lemma sin_gap:
  assumes "sin x = 0" "sin y = 0" "x < y"
  shows "x + pi \<le> y"
proof -
  obtain i j :: int where "x = of_int i * pi" "y = of_int j * pi"
    using assms(1,2) unfolding sin_zero_iff_int2 by blast
  moreover from this assms(3) have "i + 1 \<le> j" by simp
  then have "real_of_int i + 1 \<le> real_of_int j" by linarith
  ultimately show ?thesis using mult_right_mono[of "real_of_int i + 1" "real_of_int j" pi] by (simp add: algebra_simps)
qed

lemma unimodular_2x2_eigenvector:
  fixes U V U' V' \<kappa> :: real
  assumes W: "U * V' - U' * V = 1" and ch: "\<kappa> * \<kappa> - (U + V') * \<kappa> + 1 = 0"
  shows "\<exists>A B. (A \<noteq> 0 \<or> B \<noteq> 0) \<and> U * A + V * B = \<kappa> * A \<and> U' * A + V' * B = \<kappa> * B"
proof (cases "V \<noteq> 0 \<or> \<kappa> \<noteq> U")
  case True
  then show ?thesis
    using W ch by (intro exI[of _ V] exI[of _ "\<kappa> - U"]) (auto simp: algebra_simps)
next
  case False
  then show ?thesis
  proof (cases "\<kappa> - V' \<noteq> 0 \<or> U' \<noteq> 0")
    case True
    then show ?thesis
      using W ch False by (intro exI[of _ "\<kappa> - V'"] exI[of _ U']) (auto simp: algebra_simps)
  qed (intro exI[of _ 1] exI[of _ 0], simp)
qed

section \<open>The Hill equation\<close>

definition solves_hill :: "(real \<Rightarrow> real) \<Rightarrow> (real \<Rightarrow> real) \<Rightarrow> (real \<Rightarrow> real) \<Rightarrow> bool" where
  "solves_hill Q x y \<longleftrightarrow>
     (\<forall>z. (x has_real_derivative y z) (at z) \<and> (y has_real_derivative Q z * x z) (at z))"

fun picard_iterate ::
  "(real \<Rightarrow> real) \<Rightarrow> real \<Rightarrow> real \<Rightarrow> real \<Rightarrow> nat \<Rightarrow> (real \<Rightarrow> real) \<times> (real \<Rightarrow> real)" where
  "picard_iterate Q a \<xi> \<eta> 0 = (\<lambda>_. \<xi>, \<lambda>_. \<eta>)"
| "picard_iterate Q a \<xi> \<eta> (Suc n) =
     (antiderivative a (snd (picard_iterate Q a \<xi> \<eta> n)),
      antiderivative a (\<lambda>s. Q s * fst (picard_iterate Q a \<xi> \<eta> n) s))"

lemma picard_iterate_bounds:
  fixes \<xi> \<eta> :: real
  assumes cQ: "continuous_on UNIV Q" and K: "K \<ge> 1" and bQ: "\<And>z. \<bar>Q z\<bar> \<le> K"
  defines "M \<equiv> \<bar>\<xi>\<bar> + \<bar>\<eta>\<bar>"
  shows "continuous_on UNIV (fst (picard_iterate Q a \<xi> \<eta> n)) \<and>
         continuous_on UNIV (snd (picard_iterate Q a \<xi> \<eta> n)) \<and>
         (\<forall>z. \<bar>fst (picard_iterate Q a \<xi> \<eta> n) z\<bar> \<le> M * (K * \<bar>z - a\<bar>)^n / fact n) \<and>
         (\<forall>z. \<bar>snd (picard_iterate Q a \<xi> \<eta> n) z\<bar> \<le> M * (K * \<bar>z - a\<bar>)^n / fact n)"
proof (induction n)
  case 0
  then show ?case by (auto simp: M_def)
next
  case (Suc n)
  define X where "X = fst (picard_iterate Q a \<xi> \<eta> n)"
  define Y where "Y = snd (picard_iterate Q a \<xi> \<eta> n)"
  define B where "B s = M * (K * \<bar>s - a\<bar>)^n / fact n" for s
  have cX: "continuous_on UNIV X" and cY: "continuous_on UNIV Y"
    and bX: "\<And>s. \<bar>X s\<bar> \<le> B s" and bY: "\<And>s. \<bar>Y s\<bar> \<le> B s"
    using Suc by (auto simp: X_def Y_def B_def)
  have cQX: "continuous_on UNIV (\<lambda>s. Q s * X s)" using cX cQ by (intro continuous_intros)
  have B: "B s \<ge> 0" for s using K by (simp add: B_def M_def)
  have integrate: "\<bar>G z\<bar> \<le> M * (K * \<bar>z - a\<bar>)^(Suc n) / fact (Suc n)"
    if "G a = 0" "\<And>s. (G has_real_derivative g s) (at s)" "\<And>s. \<bar>g s\<bar> \<le> K * B s" for G g z
  proof -
    have "\<bar>g s\<bar> \<le> (M * K^n / fact n * K) * \<bar>s - a\<bar>^n" for s
      using that(3)[of s] by (simp add: B_def power_mult_distrib algebra_simps)
    from antiderivative_power_bound[OF that(1,2) this, of z]
    show ?thesis by (simp add: power_mult_distrib field_simps)
  qed
  have "\<bar>antiderivative a Y z\<bar> \<le> M * (K * \<bar>z - a\<bar>)^(Suc n) / fact (Suc n)" for z
  proof (rule integrate[OF antiderivative[OF cY]])
    show "\<bar>Y s\<bar> \<le> K * B s" for s using bY[of s] B[of s] K by (smt (verit) mult_le_cancel_right1)
  qed
  moreover have "\<bar>antiderivative a (\<lambda>s. Q s * X s) z\<bar> \<le> M * (K * \<bar>z - a\<bar>)^(Suc n) / fact (Suc n)" for z
  proof (rule integrate[OF antiderivative[OF cQX]])
    show "\<bar>Q s * X s\<bar> \<le> K * B s" for s
      unfolding abs_mult using bQ[of s] bX[of s] K by (intro mult_mono) auto
  qed
  moreover have "continuous_on UNIV (antiderivative a Y)"
    and "continuous_on UNIV (antiderivative a (\<lambda>s. Q s * X s))"
    by (rule DERIV_imp_continuous_on, rule antiderivative[OF cY])
       (rule DERIV_imp_continuous_on, rule antiderivative[OF cQX])
  ultimately show ?case by (simp add: X_def Y_def)
qed

lemma solves_hill_exists:
  assumes cQ: "continuous_on UNIV Q" and bQ: "\<And>z. \<bar>Q z\<bar> \<le> K"
  shows "\<exists>x y. solves_hill Q x y \<and> x a = \<xi> \<and> y a = \<eta>"
proof -
  define K' where "K' = max 1 K"
  have K': "K' \<ge> 1" "\<And>z. \<bar>Q z\<bar> \<le> K'" using bQ by (auto simp: K'_def le_max_iff_disj)
  define M where "M = \<bar>\<xi>\<bar> + \<bar>\<eta>\<bar>"
  define X where "X n = fst (picard_iterate Q a \<xi> \<eta> n)" for n
  define Y where "Y n = snd (picard_iterate Q a \<xi> \<eta> n)" for n
  note bounds = picard_iterate_bounds[OF cQ K', of a \<xi> \<eta>]
  have cX: "continuous_on UNIV (X n)" and cY: "continuous_on UNIV (Y n)"
    and bX: "\<bar>X n s\<bar> \<le> M * (K' * \<bar>s - a\<bar>)^n / fact n"
    and bY: "\<bar>Y n s\<bar> \<le> M * (K' * \<bar>s - a\<bar>)^n / fact n" for n s
    using bounds by (auto simp: X_def Y_def M_def)
  have cQX: "continuous_on UNIV (\<lambda>s. Q s * X n s)" for n
    using cX cQ by (intro continuous_intros)
  have dX: "(X (Suc n) has_real_derivative Y n z) (at z)"
    and dY: "(Y (Suc n) has_real_derivative Q z * X n z) (at z)" for n z
    using antiderivative(2)[OF cY[of n]] antiderivative(2)[OF cQX[of n]] by (simp_all add: X_def Y_def)
  have KM: "M \<ge> 0" "K' * M \<ge> 0" "K' \<ge> 0" using K' by (auto simp: M_def)
  have bQX: "\<bar>Q s * X n s\<bar> \<le> (K' * M) * (K' * \<bar>s - a\<bar>)^n / fact n" for n s
  proof -
    have "\<bar>Q s\<bar> * \<bar>X n s\<bar> \<le> K' * (M * (K' * \<bar>s - a\<bar>)^n / fact n)"
      using K'(2)[of s] bX[of n s] K' by (intro mult_mono) auto
    then show ?thesis by (simp add: abs_mult)
  qed
  define x where "x z = (\<Sum>n. X n z)" for z
  define y where "y z = (\<Sum>n. Y n z)" for z
  have dx: "(x has_real_derivative y z) (at z)" for z
    unfolding x_def y_def
    by (rule DERIV_series_exp_majorant[OF _ dX bX bY KM(3,1)]) (simp add: X_def)
  have dy: "(y has_real_derivative Q z * x z) (at z)" for z
  proof -
    have "(y has_real_derivative (\<Sum>n. Q z * X n z)) (at z)"
      unfolding y_def
      by (rule DERIV_series_exp_majorant[OF _ dY bY bQX KM(3,2)]) (simp add: Y_def)
    moreover have "summable (\<lambda>n. X n z)"
      by (rule summable_comparison_test[OF _ summable_exp_majorant[of M "K' * \<bar>z - a\<bar>"]])
         (use bX in auto)
    then have "(\<Sum>n. Q z * X n z) = Q z * x z" unfolding x_def by (rule suminf_mult)
    ultimately show ?thesis by simp
  qed
  have X0: "X n a = (if n = 0 then \<xi> else 0)" and Y0: "Y n a = (if n = 0 then \<eta> else 0)" for n
    using bX[of n a] bY[of n a] by (cases n, auto simp: X_def Y_def)+
  have single: "(\<Sum>n. if n = (0::nat) then w else 0) = (w::real)" for w
    using sums_single[of 0 "\<lambda>_. w"] by (simp add: sums_iff)
  have "x a = \<xi>" "y a = \<eta>" unfolding x_def y_def X0 Y0 single by simp_all
  moreover have "solves_hill Q x y" unfolding solves_hill_def using dx dy by blast
  ultimately show ?thesis by blast
qed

═══

Goal of the exercise:
Please, from the material above, copy only the lines from the line with "(\<forall>z. \<bar>snd (picard_iterate" up to and including the line with "add: B_def M_def)", exactly as written.

Response to this exercise:
         (\<forall>z. \<bar>snd (picard_iterate Q a \<xi> \<eta> n) z\<bar> \<le> M * (K * \<bar>z - a\<bar>)^n / fact n)"
proof (induction n)
  case 0
  then show ?case by (auto simp: M_def)
next
  case (Suc n)
  define X where "X = fst (picard_iterate Q a \<xi> \<eta> n)"
  define Y where "Y = snd (picard_iterate Q a \<xi> \<eta> n)"
  define B where "B s = M * (K * \<bar>s - a\<bar>)^n / fact n" for s
  have cX: "continuous_on UNIV X" and cY: "continuous_on UNIV Y"
    and bX: "\<And>s. \<bar>X s\<bar> \<le> B s" and bY: "\<And>s. \<bar>Y s\<bar> \<le> B s"
    using Suc by (auto simp: X_def Y_def B_def)
  have cQX: "continuous_on UNIV (\<lambda>s. Q s * X s)" using cX cQ by (intro continuous_intros)
  have B: "B s \<ge> 0" for s using K by (simp add: B_def M_def)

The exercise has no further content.